If, as anticipated, the further verified response to SI No. 34 that the Court has ordered Plaintiff to provide consists of nothing more than a representation from Plaintiff (under penalty of perjury) that he cannot remember what phone number he purportedly called Richard Contreras from in August 2016, than no further documents need be provided in response to RFPD No. 63. If any phone number is identified in the further response to SI 33 that the Court has ordered Plaintiff to provide, then Plaintiff shall also provide a further verified response to RFPD no. 63, including copies of responsive documents, within 20 days of the date of filing of the final order on this motion. All stated objections are waived as unsupported, but Plaintiff shall be permitted to redact phone calls to any numbers other than those phone numbers identified in the further response to SI No. 34, as well as any personal financial information, from any copies of any August 2016 phone bill produced in response to RFPD no. 63.

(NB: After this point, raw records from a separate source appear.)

lemma Tt_3: "Tt 3 \<theta> idx = sqrt 2 / 2 * moment3 \<theta> (idx 0) (idx 1) (idx 2)"
proof -
  define i j k where "i = idx 0" and "j = idx 1" and "k = idx 2"
  define A B C where "A = cnj (coord \<theta> i)" and "B = cnj (coord \<theta> j)" and "C = cnj (coord \<theta> k)"
  have "(\<Prod>n<3. proj_rot \<theta> t (idx n)) = sqrt 2 / 2 *
      (Re (A * B * C * cis ((real i + real j + real k) * (2*pi*t)))
       + Re (A * B * cnj C * cis ((real i + real j - real k) * (2*pi*t)))
       + Re (A * cnj B * C * cis ((real i - real j + real k) * (2*pi*t)))
       + Re (cnj A * B * C * cis ((real j + real k - real i) * (2*pi*t))))" for t
  proof -
    have "(\<Prod>n<3. proj_rot \<theta> t (idx n)) = proj_rot \<theta> t i * proj_rot \<theta> t j * proj_rot \<theta> t k"
      by (simp add: numeral_3_eq_3 numeral_2_eq_2 i_def j_def k_def)
    also have "\<dots> = sqrt 2 * sqrt 2 * sqrt 2 *
        (Re (A * cis (real i * (2*pi*t))) * Re (B * cis (real j * (2*pi*t))) * Re (C * cis (real k * (2*pi*t))))"
      by (simp only: proj_rot_eq_Re_cis A_def B_def C_def mult_ac)
    finally show ?thesis
      by (simp only: Re_mult_Re_mult_Re_cis distrib_right[symmetric] left_diff_distrib[symmetric])
         (simp del: times_complex.sel)
  qed
  then have "((\<lambda>t. \<Prod>n<3. proj_rot \<theta> t (idx n)) has_integral sqrt 2 / 2 *
      ((if real i + real j + real k = 0 then Re (A * B * C) else 0)
       + (if real i + real j - real k = 0 then Re (A * B * cnj C) else 0)
       + (if real i - real j + real k = 0 then Re (A * cnj B * C) else 0)
       + (if real j + real k - real i = 0 then Re (cnj A * B * C) else 0))) {0..<1}"
    by (simp only:) (intro has_integral_mult_right has_integral_add has_integral_Re_cis_period; simp)
  then show ?thesis
    by (simp add: Tt_def moment3_def integral_unique i_def j_def k_def A_def B_def C_def algebra_simps)
qed

lemma rr_mult_self: "rr \<theta> l * rr \<theta> l = th1 \<theta> l * th1 \<theta> l + th2 \<theta> l * th2 \<theta> l"
  using cmod_power2 by (simp add: rr_def power2_eq_square)

lemma coord_eq_rcis: "l \<ge> 1 \<Longrightarrow> coord \<theta> l = rcis (rr \<theta> l) (lam \<theta> l)"
  by (simp add: coord_def rr_def lam_def rcis_cmod_Arg)

lemma cnj_rcis: "cnj (rcis r a) = rcis r (- a)"
  by (simp add: rcis_def cis_cnj)

definition bispec :: "(nat \<Rightarrow> real) \<Rightarrow> nat \<Rightarrow> nat \<Rightarrow> nat \<Rightarrow> real" where
  "bispec \<theta> l l' l'' = Re (coord \<theta> l * cnj (coord \<theta> l') * cnj (coord \<theta> l''))"

lemma bispec_eq_rrr_cos:
  assumes "l \<ge> 1" "l' \<ge> 1" "l'' \<ge> 1"
  shows "bispec \<theta> l l' l'' = rrr \<theta> l l' l'' * cos (lll \<theta> l l' l'')"
proof -
  have "coord \<theta> l * cnj (coord \<theta> l') * cnj (coord \<theta> l'') = rcis (rrr \<theta> l l' l'') (lll \<theta> l l' l'')"
    using assms by (simp add: coord_eq_rcis cnj_rcis rcis_mult rrr_def lll_def)
  then show ?thesis
    by (simp add: bispec_def)
qed

lemma moment2_values:
  "moment2 \<theta> 0 0 = 2 * (th0 \<theta>)\<^sup>2"
  "j \<ge> 1 \<Longrightarrow> moment2 \<theta> 0 j = 0"
  "i \<ge> 1 \<Longrightarrow> moment2 \<theta> i 0 = 0"
  "i \<ge> 1 \<Longrightarrow> j \<ge> 1 \<Longrightarrow> moment2 \<theta> i j = (if i = j then (rr \<theta> i)\<^sup>2 else 0)"
  by (auto simp: moment2_def coord_def rr_mult_self power2_eq_square)

lemma moment3_values:
  "moment3 \<theta> 0 0 0 = 4 * (th0 \<theta>)^3"
  "k \<ge> 1 \<Longrightarrow> moment3 \<theta> 0 0 k = 0"
  "j \<ge> 1 \<Longrightarrow> moment3 \<theta> 0 j 0 = 0"
  "i \<ge> 1 \<Longrightarrow> moment3 \<theta> i 0 0 = 0"
  "j \<ge> 1 \<Longrightarrow> k \<ge> 1 \<Longrightarrow> moment3 \<theta> 0 j k = (if j = k then 2 * th0 \<theta> * (rr \<theta> j)\<^sup>2 else 0)"
  "i \<ge> 1 \<Longrightarrow> k \<ge> 1 \<Longrightarrow> moment3 \<theta> i 0 k = (if i = k then 2 * th0 \<theta> * (rr \<theta> i)\<^sup>2 else 0)"
  "i \<ge> 1 \<Longrightarrow> j \<ge> 1 \<Longrightarrow> moment3 \<theta> i j 0 = (if i = j then 2 * th0 \<theta> * (rr \<theta> i)\<^sup>2 else 0)"
  "i \<ge> 1 \<Longrightarrow> j \<ge> 1 \<Longrightarrow> k \<ge> 1 \<Longrightarrow> moment3 \<theta> i j k =
      (if k = i + j then bispec \<theta> k i j else 0) + (if j = i + k then bispec \<theta> j i k else 0)
      + (if i = j + k then bispec \<theta> i j k else 0)"
  by (auto simp: moment3_def coord_def rr_mult_self bispec_def power2_eq_square power3_eq_cube algebra_simps)

lemma sum_PiE_lessThan_1:
  "(\<Sum>idx\<in>{..<1::nat} \<rightarrow>\<^sub>E S. f (idx 0)) = (\<Sum>i\<in>S. f i :: 'a::comm_monoid_add)"
  by (rule sum.reindex_bij_witness[where j="\<lambda>idx. idx 0" and i="\<lambda>i n. if n = 0 then i else undefined"])
     (auto simp: fun_eq_iff PiE_iff extensional_def)

lemma sum_PiE_lessThan_2:
  "(\<Sum>idx\<in>{..<2::nat} \<rightarrow>\<^sub>E S. f (idx 0) (idx 1)) = (\<Sum>i\<in>S. \<Sum>j\<in>S. f i j :: 'a::comm_monoid_add)"
  unfolding sum.cartesian_product
  by (rule sum.reindex_bij_witness[where j="\<lambda>idx. (idx 0, idx 1)"
        and i="\<lambda>(i, j) n. if n = 0 then i else if n = 1 then j else undefined"])
     (auto simp: fun_eq_iff PiE_iff extensional_def)

lemma sum_PiE_lessThan_3:
  "(\<Sum>idx\<in>{..<3::nat} \<rightarrow>\<^sub>E S. f (idx 0) (idx 1) (idx 2)) =
     (\<Sum>i\<in>S. \<Sum>j\<in>S. \<Sum>k\<in>S. f i j k :: 'a::comm_monoid_add)"
  unfolding sum.cartesian_product
  by (rule sum.reindex_bij_witness[where j="\<lambda>idx. (idx 0, idx 1, idx 2)"
        and i="\<lambda>(i, j, k) n. if n = 0 then i else if n = 1 then j else if n = 2 then k else undefined"])
     (auto simp: fun_eq_iff PiE_iff extensional_def)

lemma sum_square_atLeast0_split:
  fixes g :: "nat \<Rightarrow> nat \<Rightarrow> 'a::comm_monoid_add"
  shows "(\<Sum>i=0..L. \<Sum>j=0..L. g i j) =
    g 0 0 + (\<Sum>j=1..L. g 0 j) + (\<Sum>i=1..L. g i 0) + (\<Sum>i=1..L. \<Sum>j=1..L. g i j)"
  by (simp add: sum.atLeast_Suc_atMost sum.distrib ac_simps)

The Motion is DENIED as to RFPD no. 65, seeking “all documents” related to the withdrawn claim for PAGA damages or penalties. As with the related SIs, this RFPD ceased to be relevant when Plaintiff dismissed his PAGA damage and/or penalty claims on April 11, 2019 and this portion of the motion should have been withdrawn.

Regarding RFPD Nos. 66 and 68, these requests seek “all documents” regarding communications with “Mohini Chand” (RFPD no. 66) or “Frank Amag” (RFPD no. 68) regarding Defendant during the relevant time period. Plaintiff’s initial response to RFPD No. 66, apart from boilerplate objections, stated that “Plaintiff will produce all responsive documents in Plaintiff’s possession and control, of which Plaintiff is aware, and which may relate to this request.” Plaintiff’s initial response to RFPD No. 68, apart from boilerplate objections, included contradictory statements that Plaintiff would both “produce all responsive documents in Plaintiff’s possession and control,” and also that “Plaintiff currently has no documents responsive to this request.”

The motion to compel is GRANTED as unopposed as to RFPD Nos. 66 and 68. Plaintiff shall provide further verified responses to these RFPDs within 20 days of the date of filing of the final order on this motion. These responses shall clearly state whether any responsive documents are in Plaintiff’s possession or control or not and any responsive documents shall be produced. All objections are waived as unsupported. To the extent Plaintiff claims that any responsive documents in his possession or control are covered by the attorney-client privilege or contain attorney work product, Plaintiff shall produce a privilege log with the further responses.

Request for monetary sanctions
In the notice of motion to compel further responses to SIs Defendant requests monetary sanctions against Plaintiff and his counsel in the amount of $6,388.00 “for opposing the Motion without substantial justification.” The notice of motion to compel further responses to RFPDs includes a similar request in the amount of $3,676.00.

The basis for the amount of sanctions sought is set forth in the declaration of Defense Counsel Bednarova in support of both motions. (See Bednarova Decl. at ¶¶ 15-16.) Her declaration indicates that the requested amount of sanctions includes anticipated future billings and expenses. The Court does not award sanctions for anticipated expenses. (See Tucker v. Pacific Bell Mobile Services (2010) 186 Cal.App.4th 1548, 1551 [the court awards sanctions only for expenses actually incurred, not for anticipated expenses].) Accordingly while monetary sanctions are GRANTED the amount awarded is reduced to $7232.00, reflecting the expenses actually incurred in preparing the initial motions.